[Saved data entries]
%%
(* Let $\mathcal{U}\subseteq\mathcal{E}$ be a dead-ending universe and let $\mathcal{A}$ be the set of Left ends of $\mathcal{U}$. Then for every Left dead-end $G$ the following are equivalent: (i) $G\notin\operatorname{up}(\mathcal{A})$; (ii) $G^\circ$ is Left $\mathcal{U}$-strong; (iii) $G^{\circledast}\geq_\mathcal{U} 0$.
   Context: All games are finite partizan games; $\cong$ is identity of game trees; $o(G)$ is the misère outcome class, ordered $\mathscr{L} > \mathscr{N} > \mathscr{R}$, $\mathscr{L} > \mathscr{P} > \mathscr{R}$. A universe is a set of games closed under options, disjunctive sums, conjugates, and forming $\{\mathscr{G}^L\mid\mathscr{G}^R\}$ from nonempty finite subsets of it. For a universe $\mathcal{U}$ and arbitrary games $G,H$, $G\geq_\mathcal{U} H$ means $o(G+X)\geq o(H+X)$ for all $X\in\mathcal{U}$. A Left (Right) end is a game with no Left (Right) option; a Left dead-end is a game all of whose subpositions are Left ends, and similarly for Right; $\mathcal{L}$ denotes the set of Left dead-ends. $\mathcal{E}$ is the set of games in which every subposition that is an end is a (Left or Right) dead-end; a universe contained in $\mathcal{E}$ is dead-ending. For Left dead-ends, $G\geq H$ means $G\geq_\mathcal{V} H$ for every universe $\mathcal{V}$. For a set $\mathcal{A}$ of Left dead-ends, $\operatorname{cl}(\mathcal{A})$ is the smallest set containing $\mathcal{A}$ closed under options and sums, and $\operatorname{up}(\mathcal{A})=\{G\in\mathcal{L}: G\geq H\text{ for some }H\in\operatorname{cl}(\mathcal{A})\}$. $G$ is Left $\mathcal{U}$-strong if $o(G+X)\geq\mathscr{N}$ for every Left end $X\in\mathcal{U}$. For a Left dead-end $G$: the adjoint is $G^\circ=*=\{0\mid 0\}$ if $G\cong 0$, and $G^\circ=\{(G^R)^\circ\mid 0\}$ otherwise ($G^R$ ranging over Right options of $G$); the Left-modified adjoint is $G^{\circledast}=\{0\mid *\}$ if $G\cong 0$ and $G^{\circledast}=\{(G^R)^\circ\mid *\}$ otherwise. *)

theory Defs
  imports Main "HOL-Library.FSet"
begin

text \<open>A game is given by its finite set of Left options and its finite set of Right
options; equality of this datatype is identity of game trees.\<close>

datatype game = Game (lopts: "game fset") (ropts: "game fset")

definition zero :: game where "zero = Game {||} {||}"
definition star :: game where "star = Game {|zero|} {|zero|}"

lemma size_le_fsum:
  "z |\<in>| A \<Longrightarrow> size z \<le> (\<Sum>x\<in>fset A. Suc (size x))" for z :: game
  by (rule order_trans[OF _ member_le_sum[of z "fset A" "\<lambda>x. Suc (size x)"]]) auto

function gsum :: "game \<Rightarrow> game \<Rightarrow> game" where
  "gsum (Game L R) (Game L' R') =
     Game ((\<lambda>x. gsum x (Game L' R')) |`| L |\<union>| (\<lambda>y. gsum (Game L R) y) |`| L')
          ((\<lambda>x. gsum x (Game L' R')) |`| R |\<union>| (\<lambda>y. gsum (Game L R) y) |`| R')"
  by pat_completeness auto
termination
  by (relation "measure (\<lambda>(x, y). size x + size y)")
     (auto simp: less_Suc_eq_le intro: add_increasing add_increasing2 size_le_fsum)

primrec conj :: "game \<Rightarrow> game" where
  "conj (Game L R) = Game (conj |`| R) (conj |`| L)"

text \<open>Misere play: a player who cannot move wins.
  \<open>win True G\<close>: Left, moving first in \<open>G\<close>, wins;
  \<open>win False G\<close>: Right, moving first in \<open>G\<close>, wins.\<close>
function win :: "bool \<Rightarrow> game \<Rightarrow> bool" where
  "win True (Game L R) = (L = {||} \<or> (\<exists>x\<in>fset L. \<not> win False x))"
| "win False (Game L R) = (R = {||} \<or> (\<exists>y\<in>fset R. \<not> win True y))"
  by pat_completeness auto
termination
  by (relation "measure (\<lambda>(b, x). size x)")
     (auto simp: less_Suc_eq_le intro: add_increasing add_increasing2 size_le_fsum)

datatype outcome = oL | oN | oP | oR

definition outc :: "game \<Rightarrow> outcome" where
  "outc G = (if win True G then (if win False G then oN else oL)
             else (if win False G then oR else oP))"

definition outcome_le :: "outcome \<Rightarrow> outcome \<Rightarrow> bool" where
  "outcome_le a b \<longleftrightarrow> a = b \<or> a = oR \<or> b = oL"

inductive subpos :: "game \<Rightarrow> game \<Rightarrow> bool" where
  refl: "subpos G G"
| left: "subpos G H \<Longrightarrow> x |\<in>| lopts H \<Longrightarrow> subpos G x"
| right: "subpos G H \<Longrightarrow> x |\<in>| ropts H \<Longrightarrow> subpos G x"

definition universe :: "game set \<Rightarrow> bool" where
  "universe U \<longleftrightarrow>
     (\<forall>G\<in>U. \<forall>x. x |\<in>| lopts G \<or> x |\<in>| ropts G \<longrightarrow> x \<in> U) \<and>
     (\<forall>G\<in>U. \<forall>H\<in>U. gsum G H \<in> U) \<and>
     (\<forall>G\<in>U. conj G \<in> U) \<and>
     (\<forall>A B. A \<noteq> {||} \<and> B \<noteq> {||} \<and> fset A \<subseteq> U \<and> fset B \<subseteq> U \<longrightarrow> Game A B \<in> U)"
%%
EXERCISE OBJECTIVE: Write out the full set of records exactly as given.

REPLY TO THE TASK:
(* Let $\mathcal{U}\subseteq\mathcal{E}$ be a dead-ending universe and let $\mathcal{A}$ be the set of Left ends of $\mathcal{U}$. Then for every Left dead-end $G$ the following are equivalent: (i) $G\notin\operatorname{up}(\mathcal{A})$; (ii) $G^\circ$ is Left $\mathcal{U}$-strong; (iii) $G^{\circledast}\geq_\mathcal{U} 0$.
   Context: All games are finite partizan games; $\cong$ is identity of game trees; $o(G)$ is the misère outcome class, ordered $\mathscr{L} > \mathscr{N} > \mathscr{R}$, $\mathscr{L} > \mathscr{P} > \mathscr{R}$. A universe is a set of games closed under options, disjunctive sums, conjugates, and forming $\{\mathscr{G}^L\mid\mathscr{G}^R\}$ from nonempty finite subsets of it. For a universe $\mathcal{U}$ and arbitrary games $G,H$, $G\geq_\mathcal{U} H$ means $o(G+X)\geq o(H+X)$ for all $X\in\mathcal{U}$. A Left (Right) end is a game with no Left (Right) option; a Left dead-end is a game all of whose subpositions are Left ends, and similarly for Right; $\mathcal{L}$ denotes the set of Left dead-ends. $\mathcal{E}$ is the set of games in which every subposition that is an end is a (Left or Right) dead-end; a universe contained in $\mathcal{E}$ is dead-ending. For Left dead-ends, $G\geq H$ means $G\geq_\mathcal{V} H$ for every universe $\mathcal{V}$. For a set $\mathcal{A}$ of Left dead-ends, $\operatorname{cl}(\mathcal{A})$ is the smallest set containing $\mathcal{A}$ closed under options and sums, and $\operatorname{up}(\mathcal{A})=\{G\in\mathcal{L}: G\geq H\text{ for some }H\in\operatorname{cl}(\mathcal{A})\}$. $G$ is Left $\mathcal{U}$-strong if $o(G+X)\geq\mathscr{N}$ for every Left end $X\in\mathcal{U}$. For a Left dead-end $G$: the adjoint is $G^\circ=*=\{0\mid 0\}$ if $G\cong 0$, and $G^\circ=\{(G^R)^\circ\mid 0\}$ otherwise ($G^R$ ranging over Right options of $G$); the Left-modified adjoint is $G^{\circledast}=\{0\mid *\}$ if $G\cong 0$ and $G^{\circledast}=\{(G^R)^\circ\mid *\}$ otherwise. *)

theory Defs
  imports Main "HOL-Library.FSet"
begin

text \<open>A game is given by its finite set of Left options and its finite set of Right
options; equality of this datatype is identity of game trees.\<close>

datatype game = Game (lopts: "game fset") (ropts: "game fset")

definition zero :: game where "zero = Game {||} {||}"
definition star :: game where "star = Game {|zero|} {|zero|}"

lemma size_le_fsum:
  "z |\<in>| A \<Longrightarrow> size z \<le> (\<Sum>x\<in>fset A. Suc (size x))" for z :: game
  by (rule order_trans[OF _ member_le_sum[of z "fset A" "\<lambda>x. Suc (size x)"]]) auto

function gsum :: "game \<Rightarrow> game \<Rightarrow> game" where
  "gsum (Game L R) (Game L' R') =
     Game ((\<lambda>x. gsum x (Game L' R')) |`| L |\<union>| (\<lambda>y. gsum (Game L R) y) |`| L')
          ((\<lambda>x. gsum x (Game L' R')) |`| R |\<union>| (\<lambda>y. gsum (Game L R) y) |`| R')"
  by pat_completeness auto
termination
  by (relation "measure (\<lambda>(x, y). size x + size y)")
     (auto simp: less_Suc_eq_le intro: add_increasing add_increasing2 size_le_fsum)

primrec conj :: "game \<Rightarrow> game" where
  "conj (Game L R) = Game (conj |`| R) (conj |`| L)"

text \<open>Misere play: a player who cannot move wins.
  \<open>win True G\<close>: Left, moving first in \<open>G\<close>, wins;
  \<open>win False G\<close>: Right, moving first in \<open>G\<close>, wins.\<close>
function win :: "bool \<Rightarrow> game \<Rightarrow> bool" where
  "win True (Game L R) = (L = {||} \<or> (\<exists>x\<in>fset L. \<not> win False x))"
| "win False (Game L R) = (R = {||} \<or> (\<exists>y\<in>fset R. \<not> win True y))"
  by pat_completeness auto
termination
  by (relation "measure (\<lambda>(b, x). size x)")
     (auto simp: less_Suc_eq_le intro: add_increasing add_increasing2 size_le_fsum)

datatype outcome = oL | oN | oP | oR

definition outc :: "game \<Rightarrow> outcome" where
  "outc G = (if win True G then (if win False G then oN else oL)
             else (if win False G then oR else oP))"

definition outcome_le :: "outcome \<Rightarrow> outcome \<Rightarrow> bool" where
  "outcome_le a b \<longleftrightarrow> a = b \<or> a = oR \<or> b = oL"

inductive subpos :: "game \<Rightarrow> game \<Rightarrow> bool" where
  refl: "subpos G G"
| left: "subpos G H \<Longrightarrow> x |\<in>| lopts H \<Longrightarrow> subpos G x"
| right: "subpos G H \<Longrightarrow> x |\<in>| ropts H \<Longrightarrow> subpos G x"

definition universe :: "game set \<Rightarrow> bool" where
  "universe U \<longleftrightarrow>
     (\<forall>G\<in>U. \<forall>x. x |\<in>| lopts G \<or> x |\<in>| ropts G \<longrightarrow> x \<in> U) \<and>
     (\<forall>G\<in>U. \<forall>H\<in>U. gsum G H \<in> U) \<and>
     (\<forall>G\<in>U. conj G \<in> U) \<and>
     (\<forall>A B. A \<noteq> {||} \<and> B \<noteq> {||} \<and> fset A \<subseteq> U \<and> fset B \<subseteq> U \<longrightarrow> Game A B \<in> U)"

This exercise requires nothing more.